Social contact networks and epidemics co-evolve [1][2]. The spread of a disease influences people's behavior which in turn changes their social contact network, thereby altering the disease spread itself. As a result, there is a need for modeling the spread of these infectious phenomena that lead to changes in behavior. Their propagation among population primarily depends on the social contact network. The nature of social contagion spread is very similar to the spread of any infectious disease as they are contagious in nature. To spread contagious disease requires direct exposure to an infectious agent, whereas social contagions can be spread using various communications media like social networking forums, phones, emails and tweets.

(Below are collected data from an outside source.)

lemma symmetric_matrix_inverse_on_range:
  fixes A :: "real^'n^'n"
  assumes "transpose A = A"
  obtains g where "linear g" "\<And>y. g y \<in> range ((*v) A)"
    "\<And>v. v \<in> range ((*v) A) \<Longrightarrow> g (A *v v) = v"
    "\<And>y. y \<in> range ((*v) A) \<Longrightarrow> A *v g y = y"
proof -
  let ?V = "range ((*v) A)"
  have "subspace ?V" by (simp add: linear_subspace_image)
  then have span_V: "span ?V = ?V" by simp
  have "inj_on ((*v) A) ?V"
  proof (rule inj_onI)
    fix u v assume "u \<in> ?V" "v \<in> ?V" "A *v u = A *v v"
    then obtain x y where "u = A *v x" "v = A *v y" "A *v (u - v) = 0"
      by (auto simp: matrix_vector_mult_diff_distrib)
    then have "(u - v) \<bullet> (A *v (x - y)) = 0"
      using symmetric_matrix_kernel_iff_orthogonal_range[OF assms] by blast
    then show "u = v"
      using \<open>u = A *v x\<close> \<open>v = A *v y\<close> by (simp add: matrix_vector_mult_diff_distrib)
  qed
  then obtain g where g: "range g \<subseteq> ?V" "linear g" "\<And>v. v \<in> ?V \<Longrightarrow> g (A *v v) = v"
    using linear_exists_left_inverse_on[OF _ \<open>subspace ?V\<close>] by (metis matrix_vector_mul_linear)
  have "A *v g (A *v x) = A *v x" for x
  proof -
    obtain v z where "v \<in> ?V" "\<And>w. w \<in> ?V \<Longrightarrow> orthogonal z w" "x = v + z"
      using orthogonal_subspace_decomp_exists[of ?V x] span_V by metis
    moreover have "A *v z = 0"
      using calculation symmetric_matrix_kernel_iff_orthogonal_range[OF assms]
      by (simp add: orthogonal_def)
    ultimately show ?thesis
      using g(3) by (simp add: matrix_vector_right_distrib)
  qed
  then show thesis using that g by blast
qed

EpiSimdemics is an individual-based modeling environment. It uses a people-location bipartite graph as the underlying network [3]. In its current form, EpiSimdemics requires two people to interact at a location to model simulations. Thus, it cannot simulate the spread of social contagions that do not necessarily require the meeting of two agents at a location.
We enhance EpiSimdemics by incorporating Person-Person network, which can model communications between people that are not contact based such as communications over email, phone, text and tweet. This Person-Person network is used to model effects (social contagion) which induce behavioral changes in population and thus impacting the disease spread. The disease spread is modeled on Person-Location network. This leads to the scenario of two interacting networks: Person-Person network modeling social contagion and Person-Location modeling disease. Theoretically, there can be multiple such networks modeling various interacting phenomena.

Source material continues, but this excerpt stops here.